One part of Pope Francis’ new encyclical that isn’t getting much press coverage is how aggressively he confronts the hot-button issues of abortion and population control, saying that we cannot effectively care for the environment without first working to defend human life.
CNA/EWTN News is reporting on the Pope’s anxiously awaited encyclical, Laudato Si, which means “Praise be to You.” Officially released today, it takes its name from St. Francis of Assisi’s prayer, “Canticle of the Sun” which praises God through the elements of creation such as the sun, moon, and “our sister Mother Earth.”
The nearly 200-page document is separated into six chapters and deals with issues such as global warming, pollution, species extinction, and the impact of global inequality on natural resources.
“A very solid scientific consensus indicates that we are presently witnessing a disturbing warming of the climatic system,” the Pope writes, and cites “a constant rise in the sea level” and an increase in extreme weather events.
Man and other factors are the causes of this warming, he says, but cites scientific studies which indicate that “most global warming in recent decades is due to the great concentration of greenhouse gases…released mainly as a result of human activity.”
We need to care for our planet by recognizing the need for changes of lifestyle, production and consumption in order to combat this warming, or at least the human causes which are aggravating it.
He goes on to make a strong case for the need to respect human life, an aspect of the encyclical which is getting very little attention.
“ . . . (A) sense of deep communion with the rest of nature cannot be real if our hearts lack tenderness, compassion and concern for our fellow human beings.”
He calls it “clearly inconsistent” to combat the trafficking of endangered species while remaining indifferent toward the trafficking of persons, to the poor and to the decision of many “to destroy another human being deemed unwanted,” the Pope stated.
To have this attitude, he said, “compromises the very meaning of our struggle for the sake of the environment.”
He also clearly states that concern for the protection of nature is “incompatible with the justification of abortion.”
“How can we genuinely teach the importance of concern for other vulnerable beings, however troublesome or inconvenient they may be, if we fail to protect a human embryo, even when its presence is uncomfortable and creates difficulties?” he asks.
Francis also waded into the topic of population control which is used by many as a way of dealing with the problem of poverty.
“Instead of resolving the problems of the poor and thinking of how the world can be different, some can only propose a reduction in the birth rate,” Francis wrote.
To blame a growing population for these problems rather than the “extreme and selective consumerism on the part of some, is one way of refusing to face the issues.”
He called such scapegoating “an attempt to legitimize the present model of distribution, where a minority believes that it has the right to consume in a way which can never be universalized, since the planet could not even contain the waste products of such consumption,” the Pope said.
“When we fail to acknowledge as part of reality the worth of a poor person, a human embryo, a person with disabilities – to offer just a few examples – it becomes difficult to hear the cry of nature itself; everything is connected.”
He also encouraged care for the body, stressing the need to accept it in its truest nature by “valuing one’s own body in its femininity and masculinity” and by joyfully accepting the special gifts of man and woman.

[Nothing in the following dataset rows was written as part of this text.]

(* Let $(\boldsymbol{x}_i)_{i\geq 0}$ be the two-dimensional Sobol' sequence in $[0,1]^2$, and for $n\geq 1$ let $P_n=(\boldsymbol{x}_i)_{0\leq i<n}$ and $q(P_n)=\frac{1}{2}\min_{0\leq i<j<n}\|\boldsymbol{x}_i-\boldsymbol{x}_j\|$, where $\|\cdot\|$ is the Euclidean norm. If $n=2^{m}-1$ where $m=2^w-1$ for some integer $w>1$, then \[ q(P_n)=\frac{1}{\sqrt{2}(n+1)}. \]
   Context: The two-dimensional Sobol' sequence is defined as follows. For a non-negative integer $n$ with binary expansion $n=n_0+n_1 2+n_2 2^2+\cdots$ ($n_k\in\{0,1\}$, finitely many nonzero), the $n$-th point is $\boldsymbol{x}_n=(x_{n,1},x_{n,2})$ with $x_{n,j}=\sum_{k\geq 1} x_{n,j,k}2^{-k}$, where $(x_{n,j,1},x_{n,j,2},\ldots)^\top = C_j (n_0,n_1,n_2,\ldots)^\top \bmod 2$ (componentwise), for $j=1,2$. The infinite generating matrices $C_1=(c^{(1)}_{i,k})_{i,k\geq 1}$ and $C_2=(c^{(2)}_{i,k})_{i,k\geq1}$ are given by $c^{(1)}_{i,k}=1$ if $i=k$ and $0$ otherwise (identity matrix), and $c^{(2)}_{i,k}=\binom{k-1}{i-1}\bmod 2$ (Pascal matrix over $\mathbb{F}_2$), with the convention $\binom{a}{b}=0$ if $a<b$. The sequence is indexed starting from $\boldsymbol{x}_0$. *)

theory Defs
  imports "HOL-Analysis.Analysis"
begin

definition digit :: "nat \<Rightarrow> nat \<Rightarrow> nat" where
  "digit n k = (n div 2 ^ k) mod 2"

text \<open>Generating matrices, indices i,k \<ge> 1.\<close>
definition C1 :: "nat \<Rightarrow> nat \<Rightarrow> nat" where
  "C1 i k = (if i = k then 1 else 0)"

definition C2 :: "nat \<Rightarrow> nat \<Rightarrow> nat" where
  "C2 i k = ((k - 1) choose (i - 1)) mod 2"

text \<open>The k-th digit (k \<ge> 1) of coordinate given by matrix C: (C (n_0,n_1,...)^T)_i mod 2.
  Since digit n (k-1) = 0 for k > n, the sum over k \<in> {1..n} is the full (finite-support) sum.\<close>
definition sobol_digit :: "(nat \<Rightarrow> nat \<Rightarrow> nat) \<Rightarrow> nat \<Rightarrow> nat \<Rightarrow> nat" where
  "sobol_digit C n i = (\<Sum>k\<in>{1..n}. C i k * digit n (k - 1)) mod 2"

definition sobol_coord :: "(nat \<Rightarrow> nat \<Rightarrow> nat) \<Rightarrow> nat \<Rightarrow> real" where
  "sobol_coord C n = (\<Sum>i. real (sobol_digit C n (Suc i)) / 2 ^ (Suc i))"

definition sobol :: "nat \<Rightarrow> real \<times> real" where
  "sobol n = (sobol_coord C1 n, sobol_coord C2 n)"

definition sep_radius :: "nat \<Rightarrow> real" where
  "sep_radius n = Min {dist (sobol i) (sobol j) | i j. i < j \<and> j < n} / 2"

end

(*
  Both generating matrices are upper unitriangular over GF(2), so n \<mapsto> (first m Sobol' digits
  of n) is injective on {0, ..., 2^m - 1}: look at the highest binary digit in which two
  indices differ. Hence each coordinate of the first 2^m points is a distinct multiple of 2^-m,
  and any two of these points are at distance at least sqrt 2 * 2^-m.

  The bound is attained by x_1 = (1/2, 1/2) and x_(2^m - 2). The binary digits of 2^m - 2 are
  0, 1, ..., 1, so its i-th Sobol' digit is the i-th row sum of the generating matrix minus the
  first entry of that row. For the Pascal matrix this row sum is (m choose i) by the hockey-stick
  identity, and it is odd for all i \<le> m because m = 2^w - 1. So both coordinates of
  x_(2^m - 2) equal 1/2 - 2^-m.
*)
theory Submission
  imports Defs
begin

lemma digit_le_1: "digit n k \<le> 1"
  unfolding digit_def by simp

lemma digit_eq_of_bool_bit: "digit n k = of_bool (bit n k)"
  unfolding digit_def bit_iff_odd by (simp add: odd_iff_mod_2_eq_one)

lemma digit_eq_0_if_less_power:
  assumes "n < 2 ^ m" "m \<le> k"
  shows "digit n k = 0"
proof -
  have "n < 2 ^ k"
    using assms order.strict_trans2 power_increasing by fastforce
  then show ?thesis
    unfolding digit_def by simp
qed

lemma digit_eqI:
  assumes "\<And>k. digit a k = digit b k"
  shows "a = b"
  using assms unfolding digit_eq_of_bool_bit of_bool_eq_iff by (rule bit_eqI)

lemma digit_binary_sum:
  assumes "\<And>j. j < m \<Longrightarrow> e j \<le> (1::nat)" "k < m"
  shows "digit (\<Sum>j<m. e j * 2 ^ j) k = e k"
proof -
  have "of_bool (e j = 1) = e j" if "j < m" for j
    using assms(1)[OF that] by auto
  then have "(\<Sum>j<m. e j * 2 ^ j) = horner_sum of_bool 2 (map (\<lambda>j. e j = 1) [0..<m])"
    by (simp add: horner_sum_eq_sum atLeast0LessThan)
  then show ?thesis
    using assms(2) assms(1)[OF assms(2)] by (auto simp: digit_eq_of_bool_bit bit_horner_sum_bit_iff)
qed

lemma digit_power2_minus_2: "digit (2 ^ m - 2) j = of_bool (0 < j \<and> j < m)"
proof -
  have "(2::nat) ^ m - 2 = 2 * mask (m - 1)"
    by (cases m) (simp_all add: mask_eq_exp_minus_1 algebra_simps)
  then show ?thesis
    by (auto simp: digit_eq_of_bool_bit bit_double_iff bit_mask_iff)
qed

lemma sum_inverse_powers_2: "(\<Sum>i=1..m. 1 / 2 ^ i :: real) = 1 - 1 / 2 ^ m"
  by (induction m) (simp_all add: atLeastAtMostSuc_conv field_simps)

lemma sum_choose_lessThan: "(\<Sum>k<m. k choose r) = m choose Suc r"
  by (cases m) (simp_all add: lessThan_Suc_atMost sum_choose_upper)

lemma even_choose_power2:
  assumes "0 < k" "k < 2 ^ w"
  shows "even ((2::nat) ^ w choose k)"
proof (rule ccontr)
  assume odd: "odd ((2::nat) ^ w choose k)"
  obtain k' where k: "k = Suc k'" using assms(1) by (cases k) auto
  obtain N where N: "(2::nat) ^ w = Suc N" using not0_implies_Suc by force
  have "k * (2 ^ w choose k) = 2 ^ w * (N choose k')"
    using Suc_times_binomial[of k' N] k N by simp
  then have "(2::nat) ^ w dvd k * (2 ^ w choose k)" by simp
  moreover have "coprime ((2::nat) ^ w) (2 ^ w choose k)" using odd by simp
  ultimately have "(2::nat) ^ w dvd k" using coprime_dvd_mult_left_iff by blast
  then show False using assms by (simp add: nat_dvd_not_less)
qed

lemma odd_choose_power2_minus_1:
  assumes "k \<le> 2 ^ w - 1"
  shows "odd (((2::nat) ^ w - 1) choose k)"
  using assms
proof (induction k)
  case 0
  then show ?case by simp
next
  case (Suc k)
  obtain N where N: "(2::nat) ^ w = Suc N" using not0_implies_Suc by force
  have "even (Suc N choose Suc k)" using even_choose_power2[of "Suc k" w] Suc.prems N by simp
  moreover have "odd (N choose k)" using Suc N by simp
  ultimately show ?case using N by simp
qed

definition upper_triangular :: "(nat \<Rightarrow> nat \<Rightarrow> nat) \<Rightarrow> bool" where
  "upper_triangular C \<longleftrightarrow> (\<forall>i k. 0 < k \<longrightarrow> k < i \<longrightarrow> C i k = 0)"

definition unitriangular :: "(nat \<Rightarrow> nat \<Rightarrow> nat) \<Rightarrow> bool" where
  "unitriangular C \<longleftrightarrow> upper_triangular C \<and> (\<forall>i>0. C i i = 1)"

lemma unitriangular_C1: "unitriangular C1"
  by (simp add: unitriangular_def upper_triangular_def C1_def)

lemma unitriangular_C2: "unitriangular C2"
  by (auto simp: unitriangular_def upper_triangular_def C2_def binomial_eq_0)

lemma sobol_digit_eq_sum_upto:
  assumes "n < 2 ^ m"
  shows "sobol_digit C n i = (\<Sum>k=1..m. C i k * digit n (k - 1)) mod 2"
proof -
  have "n < 2 ^ n" by simp
  then have "(\<Sum>k=1..n. C i k * digit n (k - 1)) = (\<Sum>k=1..max n m. C i k * digit n (k - 1))"
    by (intro sum.mono_neutral_left) (auto simp: digit_eq_0_if_less_power[of n n])
  also have "\<dots> = (\<Sum>k=1..m. C i k * digit n (k - 1))"
    using assms by (intro sum.mono_neutral_right) (auto simp: digit_eq_0_if_less_power)
  finally show ?thesis
    unfolding sobol_digit_def by simp
qed

lemma sobol_digit_eq_0:
  assumes "upper_triangular C" "n < 2 ^ m" "m < i"
  shows "sobol_digit C n i = 0"
  using assms unfolding sobol_digit_eq_sum_upto[OF assms(2)] upper_triangular_def by simp

lemma sobol_coord_eq_sum:
  assumes "upper_triangular C" "n < 2 ^ m"
  shows "sobol_coord C n = (\<Sum>i=1..m. sobol_digit C n i / 2 ^ i)"
proof -
  have "(\<lambda>i. sobol_digit C n (Suc i) / 2 ^ Suc i) sums (\<Sum>i<m. sobol_digit C n (Suc i) / 2 ^ Suc i)"
    using assms by (intro sums_finite) (auto simp: sobol_digit_eq_0)
  then show ?thesis
    unfolding sobol_coord_def by (simp add: sums_iff sum.atLeast1_atMost_eq)
qed

lemma sobol_digit_unitriangular:
  assumes "unitriangular C" "n < 2 ^ m" "i \<in> {1..m}"
  shows "sobol_digit C n i = (digit n (i - 1) + (\<Sum>k\<in>{i<..m}. C i k * digit n (k - 1))) mod 2"
proof -
  have "(\<Sum>k=1..m. C i k * digit n (k - 1)) = (\<Sum>k=i..m. C i k * digit n (k - 1))"
    using assms(1,3) by (intro sum.mono_neutral_right) (auto simp: unitriangular_def upper_triangular_def)
  also have "\<dots> = digit n (i - 1) + (\<Sum>k\<in>{i<..m}. C i k * digit n (k - 1))"
    using assms(1,3) by (simp add: sum.head unitriangular_def)
  finally show ?thesis
    unfolding sobol_digit_eq_sum_upto[OF assms(2)] by simp
qed

lemma sobol_digit_differs_at_top_bit:
  assumes "unitriangular C" "a < 2 ^ m" "b < 2 ^ m"
    and "t < m" "digit a t \<noteq> digit b t" "\<And>k. t < k \<Longrightarrow> digit a k = digit b k"
  shows "sobol_digit C a (Suc t) \<noteq> sobol_digit C b (Suc t)"
proof -
  have "(\<Sum>k\<in>{Suc t<..m}. C (Suc t) k * digit a (k - 1)) = (\<Sum>k\<in>{Suc t<..m}. C (Suc t) k * digit b (k - 1))"
    using assms(6) by (intro sum.cong) auto
  moreover have "(x + s) mod 2 \<noteq> (y + s) mod 2" if "x \<noteq> y" "x \<le> 1" "y \<le> (1::nat)" for x y s
    using that by presburger
  ultimately show ?thesis
    using assms digit_le_1 by (simp add: sobol_digit_unitriangular)
qed

lemma sobol_digits_neqE:
  assumes "unitriangular C" "a < 2 ^ m" "b < 2 ^ m" "a \<noteq> b"
  obtains i where "i \<in> {1..m}" "sobol_digit C a i \<noteq> sobol_digit C b i"
proof -
  define D where "D = {k. digit a k \<noteq> digit b k}"
  have "D \<noteq> {}"
    using assms(4) digit_eqI unfolding D_def by blast
  moreover have "D \<subseteq> {..<m}"
  proof
    fix k assume "k \<in> D"
    then show "k \<in> {..<m}"
      using digit_eq_0_if_less_power[OF assms(2), of k] digit_eq_0_if_less_power[OF assms(3), of k]
      by (cases "m \<le> k") (auto simp: D_def)
  qed
  then have "finite D"
    by (rule finite_subset) simp
  ultimately obtain t where t: "t \<in> D" and top: "\<And>k. k \<in> D \<Longrightarrow> k \<le> t"
    using Max_in Max_ge by blast
  have "t < m"
    using t \<open>D \<subseteq> {..<m}\<close> by blast
  moreover have "digit a t \<noteq> digit b t" "\<And>k. t < k \<Longrightarrow> digit a k = digit b k"
    using t top unfolding D_def by force+
  ultimately show ?thesis
    using that sobol_digit_differs_at_top_bit[OF assms(1-3)] by force
qed

definition sobol_numerator :: "(nat \<Rightarrow> nat \<Rightarrow> nat) \<Rightarrow> nat \<Rightarrow> nat \<Rightarrow> nat" where
  "sobol_numerator C m n = (\<Sum>j<m. sobol_digit C n (m - j) * 2 ^ j)"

An attitude which seeks “to cancel out sexual difference because it no longer knows how to confront it” is unhealthy, he said.
He points out the important role the family plays in achieving a true integral human and environmental ecology because this is the place where life is welcomed and protected and where human growth is developed.
“In the face of the so-called culture of death, the family is the heart of the culture of life,” he said.
Family life is where children first learn how “to show love and respect for life; we are taught the proper use of things, order and cleanliness, respect for the local ecosystem and care for all creatures.”